5. The system according to any of claims 1 to 3, where the coupling assemblies (261a, 261a', 261 b, 261 b') comprise upper couplings (262, 262 ') and lower couplings (272, 272’) and the masses (300a, 300b) comprise upper supports (362, 362’) and lower supports (372, 372'), disposed on the exterior thereof, comprising a vertical hole wherein, when the coupling assemblies (261a, 261a’, 261b, 261b’) are coupled to the masses (300a, 300b), the upper supports (362, 362') rest on the upper couplings (262, 262’) and radially confine said upper supports (362, 362') in their hole; and wherein the lower supports (372, 372') radially confine the lower couplings (272, 272’) in their hole, wherein the upper supports (362, 362’) and the lower supports (372, 372') comprise slots (303, 303') through which the masses (300a, 300b) are horizontally displaced with respect to the portions of cable (260a, 260a’, 260b, 260b’), in a direction opposite that of the other portion of cable (260b, 260b’, 260a, 260a’), when the coupling assemblies (261a, 261a’, 261 b, 261 b’) are not coupled to the masses (300a, 300b).

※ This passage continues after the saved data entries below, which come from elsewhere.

lemma smooth_mult:
  assumes "smooth a" "smooth b"
  shows "smooth (\<lambda>x. a x * b x)"
  unfolding smooth_def
  using sums_of_smooth_products.product[OF assms] sums_of_smooth_products_closed by blast

lemma closed_csupp: "closed (csupp a)"
  unfolding csupp_def by simp

lemma notin_csupp_eq_0: "x \<notin> csupp a \<Longrightarrow> a x = 0"
  using closure_subset[of "{x. a x \<noteq> 0}"] unfolding csupp_def by auto

lemma csupp_mult_subset: "csupp (\<lambda>x. a x * b x) \<subseteq> csupp a \<inter> csupp b"
  unfolding csupp_def by (intro Int_greatest closure_mono) auto

lemma pderiv_notin_csupp:
  fixes a :: "'a::euclidean_space \<Rightarrow> real"
  assumes "x \<notin> csupp a"
  shows "pderiv a i x = 0"
proof -
  have "open (- csupp a)"
    using closed_csupp by blast
  moreover have "\<And>y. y \<in> - csupp a \<Longrightarrow> 0 = a y"
    using notin_csupp_eq_0 by force
  ultimately have "(a has_derivative (\<lambda>h. 0)) (at x)"
    using assms has_derivative_transform_within_open[of "\<lambda>y. 0" "\<lambda>h. 0" x UNIV "- csupp a" a]
    by simp
  from frechet_derivative_at[OF this] show ?thesis
    unfolding pderiv_def by metis
qed

lemma csupp_pderiv_subset: "csupp (pderiv a i) \<subseteq> csupp a"
  unfolding csupp_def[of "pderiv a i"]
proof (rule closure_minimal)
  show "{x. pderiv a i x \<noteq> 0} \<subseteq> csupp a"
    by (metis (mono_tags) mem_Collect_eq pderiv_notin_csupp subsetI)
qed (rule closed_csupp)

lemma Cinf_c_mono: "\<Lambda> \<subseteq> \<Lambda>' \<Longrightarrow> Cinf_c \<Lambda> \<subseteq> Cinf_c \<Lambda>'"
  unfolding Cinf_c_def by blast

lemma Cinf_c_mult:
  assumes "smooth a" "\<phi> \<in> Cinf_c \<Lambda>"
  shows "(\<lambda>x. a x * \<phi> x) \<in> Cinf_c \<Lambda>"
proof -
  have "csupp (\<lambda>x. a x * \<phi> x) \<subseteq> csupp \<phi>"
    using csupp_mult_subset by blast
  moreover have "compact (csupp \<phi> \<inter> csupp (\<lambda>x. a x * \<phi> x))"
    using assms(2) unfolding Cinf_c_def by (simp add: compact_Int_closed closed_csupp)
  ultimately show ?thesis
    using assms unfolding Cinf_c_def by (auto intro: smooth_mult simp: Int_absorb1)
qed

lemma Cinf_c_pderiv:
  assumes "\<phi> \<in> Cinf_c \<Lambda>" "i \<in> Basis"
  shows "pderiv \<phi> i \<in> Cinf_c \<Lambda>"
proof -
  have "compact (csupp \<phi> \<inter> csupp (pderiv \<phi> i))"
    using assms(1) unfolding Cinf_c_def by (simp add: compact_Int_closed closed_csupp)
  moreover have "csupp \<phi> \<inter> csupp (pderiv \<phi> i) = csupp (pderiv \<phi> i)"
    using csupp_pderiv_subset by blast
  ultimately show ?thesis
    using assms csupp_pderiv_subset[of \<phi> i] smooth_pderiv unfolding Cinf_c_def by auto
qed

lemma Cinf_c_bounded:
  assumes "\<phi> \<in> Cinf_c \<Lambda>"
  shows "\<exists>M. \<forall>x. \<bar>\<phi> x\<bar> \<le> M"
proof -
  have "compact (\<phi> ` csupp \<phi>)"
    using assms unfolding Cinf_c_def
    by (simp add: compact_continuous_image continuous_on_subset[OF continuous_on_smooth])
  then obtain M where "\<forall>y\<in>\<phi> ` csupp \<phi>. norm y \<le> M"
    using compact_imp_bounded bounded_iff by blast
  then have "\<bar>\<phi> x\<bar> \<le> \<bar>M\<bar>" for x
    using notin_csupp_eq_0[of x \<phi>] by (cases "x \<in> csupp \<phi>") auto
  then show ?thesis by blast
qed

lemma abs_add_powr_le:
  fixes a b q :: real
  assumes "0 \<le> q"
  shows "\<bar>a + b\<bar> powr q \<le> 2 powr q * (\<bar>a\<bar> powr q + \<bar>b\<bar> powr q)"
proof -
  have "\<bar>a + b\<bar> powr q \<le> (2 * max \<bar>a\<bar> \<bar>b\<bar>) powr q"
    using assms by (intro powr_mono2) auto
  also have "\<dots> = 2 powr q * max \<bar>a\<bar> \<bar>b\<bar> powr q"
    by (simp add: powr_mult)
  also have "max \<bar>a\<bar> \<bar>b\<bar> powr q \<le> \<bar>a\<bar> powr q + \<bar>b\<bar> powr q"
    by (cases "\<bar>a\<bar> \<le> \<bar>b\<bar>") (auto simp: max_def)
  then have "2 powr q * max \<bar>a\<bar> \<bar>b\<bar> powr q \<le> 2 powr q * (\<bar>a\<bar> powr q + \<bar>b\<bar> powr q)"
    by (intro mult_left_mono) auto
  finally show ?thesis .
qed
lemma exp_perturbation:
  "exp (x * (a + h^2 * \<rho>)) = exp (a * x) * (1 + h^2 * (x * \<rho> * exp_quot (x * h^2 * \<rho>)))"
proof -
  have "exp (x * (a + h^2 * \<rho>)) = exp (a * x) * exp (x * h^2 * \<rho>)"
    by (simp add: mult_exp_exp algebra_simps)
  also have "exp (x * h^2 * \<rho>) = 1 + h^2 * (x * \<rho> * exp_quot (x * h^2 * \<rho>))"
    using exp_minus_one_eq[of "x * h^2 * \<rho>"] by (simp add: algebra_simps)
  finally show ?thesis .
qed

lemma difference_quotient_split:
  fixes P M A B S T h :: real
  assumes "h \<noteq> 0" "S \<noteq> 0" "T \<noteq> 0"
  shows "((P - M)/S - (P * (1 + h^2 * A) - M * (1 + h^2 * B))/T) / h^2
    = (1/S - 1/T) / h^2 * (P - M) + (M * B - P * A) / T"
  using assms by (simp add: field_simps power2_eq_square)

lemma expansion_bound:
  fixes g up um x h S T M P K :: real
  assumes g: "\<bar>g\<bar> \<le> K" and up: "\<bar>up\<bar> \<le> K" and um: "\<bar>um\<bar> \<le> K"
    and x: "0 \<le> x" "x * h^2 \<le> 1" and S: "0 < S" "S \<le> T" and MP: "0 \<le> M" "M \<le> P"
  shows "\<bar>g * (P - M) + (M * (x * um * exp_quot (x * h^2 * um)) - P * (x * up * exp_quot (x * h^2 * up))) / T\<bar>
    \<le> (2*K + 2*K*exp K / S) * (1 + x) * P"
proof -
  define C where "C = P * x * (K * exp K)"
  have K: "K \<ge> 0" using g by linarith
  have C: "C \<ge> 0" using K MP x by (simp add: C_def)
  have single: "\<bar>Q * (x * u * exp_quot (x * h^2 * u))\<bar> \<le> C"
    if Q: "0 \<le> Q" "Q \<le> P" and u: "\<bar>u\<bar> \<le> K" for Q u
  proof -
    have "x * h^2 * \<bar>u\<bar> \<le> 1 * K" using x(2) u by (intro mult_mono) auto
    then have "\<bar>x * h^2 * u\<bar> \<le> K" using x(1) by (simp add: abs_mult)
    then have "exp \<bar>x * h^2 * u\<bar> \<le> exp K" by simp
    then have "\<bar>exp_quot (x * h^2 * u)\<bar> \<le> exp K" by (rule order_trans[OF abs_exp_quot_le])
    then have factor: "\<bar>u\<bar> * \<bar>exp_quot (x * h^2 * u)\<bar> \<le> K * exp K" using u by (intro mult_mono) auto
    have "Q * x \<le> P * x" using Q x by (intro mult_right_mono)
    from mult_mono[OF this factor] have "(Q * x) * (\<bar>u\<bar> * \<bar>exp_quot (x * h^2 * u)\<bar>) \<le> (P * x) * (K * exp K)"
      using Q x by simp
    then show ?thesis using Q x by (simp add: C_def abs_mult mult_ac)
  qed
  have "\<bar>M * (x * um * exp_quot (x * h^2 * um)) - P * (x * up * exp_quot (x * h^2 * up))\<bar> \<le> 2 * C"
    using abs_triangle_ineq4 single[OF MP um] single[of P up] MP up by (smt (verit))
  then have "\<bar>(M * (x * um * exp_quot (x * h^2 * um)) - P * (x * up * exp_quot (x * h^2 * up))) / T\<bar> \<le> 2 * C / S"
    using S C by (simp add: frac_le)
  moreover have "\<bar>g * (P - M)\<bar> \<le> K * P"
    using g MP by (simp add: abs_mult) (intro mult_mono, auto)
  ultimately have "\<bar>g * (P - M) + (M * (x * um * exp_quot (x * h^2 * um)) - P * (x * up * exp_quot (x * h^2 * up))) / T\<bar>
      \<le> K * P + 2 * C / S"
    using abs_triangle_ineq[of "g * (P - M)"] by linarith
  also have "\<dots> \<le> 2 * K * (1 + x) * P + 2 * K * exp K / S * (1 + x) * P"
  proof -
    have "K * P \<le> 2 * K * (1 + x) * P" using K MP x by (simp add: algebra_simps mult_nonneg_nonneg)
    moreover have "2 * C / S \<le> 2 * K * exp K / S * (1 + x) * P"
      using K MP x S by (simp add: C_def field_simps mult_left_mono)
    ultimately show ?thesis by linarith
  qed
  also have "\<dots> = (2*K + 2*K*exp K / S) * (1 + x) * P" by (simp add: algebra_simps)
  finally show ?thesis .
qed

lemma Zpp_nested:
  fixes hs :: "nat \<Rightarrow> real"
  assumes pos: "\<And>n. hs n > 0" and nested: "\<And>n. hs n / hs (Suc n) \<in> \<nat>" and x: "x \<in> Zpp (hs m)"
  shows "m \<le> n \<Longrightarrow> x \<in> Zpp (hs n)"
proof (induction n rule: dec_induct)
  case base then show ?case using x .
next
  case (step n)
  obtain j :: int where j: "x = real_of_int j * hs n" "x > 0" using step.IH unfolding Zpp_def by auto
  obtain N :: nat where "hs n / hs (Suc n) = real N" using nested[of n] by (auto elim: Nats_cases)
  then have "hs n = real N * hs (Suc n)" using pos[of "Suc n"] by (simp add: field_simps)
  then have "x = real_of_int (j * int N) * hs (Suc n)" using j by simp
  then show ?case using j unfolding Zpp_def by blast
qed

context bm_drift
begin

lemma W_nonneg_eq:
  assumes "x \<ge> 0"
  shows "W s2 mu q x = (exp (alpha_plus s2 mu q * x) - exp (alpha_minus s2 mu q * x)) / sqrt (mu^2 + 2 * q * s2)"
  using nondegenerate assms unfolding W_def by (simp add: not_less mult_ac)

lemma root_power_expansions:
  fixes k :: nat
  assumes h: "h > 0" "h * \<bar>mu\<bar> < s2"
  defines "x \<equiv> real k * h"
  shows "root_plus s2 mu q h ^ k = exp (alpha_plus s2 mu q * x)
      * (1 + h^2 * (x * root_plus_rem s2 mu q h * exp_quot (x * h^2 * root_plus_rem s2 mu q h)))"
    "root_minus s2 mu q h ^ k = exp (alpha_minus s2 mu q * x)
      * (1 + h^2 * (x * root_minus_rem s2 mu q h * exp_quot (x * h^2 * root_minus_rem s2 mu q h)))"
proof -
  have power: "r ^ k = exp (x * (a + h^2 * ((ln r / h - a) / h^2)))" if "r > 0" for r a
  proof -
    have "x * (a + h^2 * ((ln r / h - a) / h^2)) = real k * ln r" using h(1) by (simp add: x_def)
    then show ?thesis using that by (simp add: exp_of_nat_mult)
  qed
  have "0 < root_minus s2 mu q h" "0 < root_plus s2 mu q h" using roots_bounds[OF h] by linarith+
  from this[THEN power] show "root_plus s2 mu q h ^ k = exp (alpha_plus s2 mu q * x)
      * (1 + h^2 * (x * root_plus_rem s2 mu q h * exp_quot (x * h^2 * root_plus_rem s2 mu q h)))"
    "root_minus s2 mu q h ^ k = exp (alpha_minus s2 mu q * x)
      * (1 + h^2 * (x * root_minus_rem s2 mu q h * exp_quot (x * h^2 * root_minus_rem s2 mu q h)))"
    unfolding root_plus_rem_def root_minus_rem_def exp_perturbation by blast+
qed

lemma Delta_W_grid_expansion:
  assumes h: "h > 0" "h * \<bar>mu\<bar> < s2" and k: "k \<ge> 1"
  shows "Delta_W s2 mu q (real k * h) h / h^2 = Delta_W_expansion s2 mu q (real k * h) h"
proof -
  have x: "0 \<le> real k * h" using h by simp
  show ?thesis
    unfolding Delta_W_grid[OF h k] W_nonneg_eq[OF x] root_power_expansions[OF h]
      Delta_W_expansion_def disc_sqrt_rem_def
    by (rule difference_quotient_split) (use discriminant_pos disc_sqrt_pos[of h] h(1) in auto)
qed

end

lemma eventually_abs_le_of_tendsto:
  fixes f :: "'a \<Rightarrow> real"
  assumes "(f \<longlongrightarrow> l) F"
  shows "\<forall>\<^sub>F h in F. \<bar>f h\<bar> \<le> \<bar>l\<bar> + 1"
  using order_tendstoD(2)[OF tendsto_rabs[OF assms], of "\<bar>l\<bar> + 1"] by (auto elim: eventually_mono)

lemma limit_eq_q_zero:
  fixes s2 mu x :: real
  assumes s2: "s2 > 0" and mu: "mu \<noteq> 0"
  shows "0^2 / (2 * (mu^2 + 2 * s2 * 0)) * W s2 mu 0 x
      + x / sqrt (mu^2 + 2 * s2 * 0) * (exp (alpha_plus s2 mu 0 * x) * theta_plus s2 mu 0
                                        - exp (alpha_minus s2 mu 0 * x) * theta_minus s2 mu 0)
    = - (2/3) * mu^2 * x / s2^3 * exp (- 2 * mu * x / s2)"
proof (cases "mu > 0")
  case True
  then have sq: "sqrt (mu^2) = mu" by simp
  have zero_values: "alpha_plus s2 mu 0 = 0" "alpha_minus s2 mu 0 * x = - 2 * mu * x / s2" "theta_plus s2 mu 0 = 0"
    "theta_minus s2 mu 0 = 2 * mu^3 / (3 * s2^3)"
    unfolding alpha_plus_def alpha_minus_def theta_plus_def theta_minus_def using sq True s2
    by (simp_all add: power4_eq_xxxx power3_eq_cube field_simps)
  show ?thesis unfolding zero_values using sq True s2 by (simp add: field_simps power3_eq_cube power2_eq_square)
next
  case False
  then have neg: "mu < 0" using mu by simp
  then have sq: "sqrt (mu^2) = - mu" by simp
  have zero_values: "alpha_plus s2 mu 0 * x = - 2 * mu * x / s2" "alpha_minus s2 mu 0 = 0" "theta_minus s2 mu 0 = 0"
    "theta_plus s2 mu 0 = 2 * mu^3 / (3 * s2^3)"
    unfolding alpha_plus_def alpha_minus_def theta_plus_def theta_minus_def using sq neg s2
    by (simp_all add: power4_eq_xxxx power3_eq_cube field_simps)
  show ?thesis unfolding zero_values using sq neg s2 by (simp add: field_simps power3_eq_cube power2_eq_square)
qed

context bm_drift
begin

6. The system according to any of claims 1 to 5, comprising means for extraction of the masses (500) consisting of a few wagons (500a, 500b, 520, 530, 510a, 510b) that are displaced on a few tracks (400a, 400b, 410a, 410b), disposed in at least one substantially horizontal gallery (110a, 110b) to each side of the vertical displacement space (100) or on the surface of the ground, wherein platforms (600a, 600b, 610a, 610b) for storage of the masses are disposed in said gallery or on said surface of the ground.

7. The system according to any of claims 1 to 6, wherein the means for extraction of the masses (500) comprises a wagon (520) which in turn comprises an overhang extending linearly over a few wheels located at one of the ends of said wagon (520), such that, when said wheels rest at the end of one of the tracks (400a, 400b), the masses (300a, 300b) rest on a platform (554) disposed on said overhang and wherein said wagon (520) further comprises a counterweight (521) at the end of the wagon (520) opposite the overhang.

8. The system according to any of claims 1 to 6, wherein the means for extraction of the masses (500) comprises a wagon (530) configured to be able to simultaneously have at least one of its axles on each one of the tracks (400a, 400b), wherein said wagon (530) comprises a platform (554), upon which the masses (300a, 300b) rest, that is displaced along said wagon (530) via linear displacement means (531).

9. The system according to any of claims 1 to 8, where the masses consist of containers that can accommodate a granular material or a liquid.

10. The system according to any of claims 1 to 9, comprising a system for monitoring and controlling the operation of the various elements, comprising sensors and communication and control devices.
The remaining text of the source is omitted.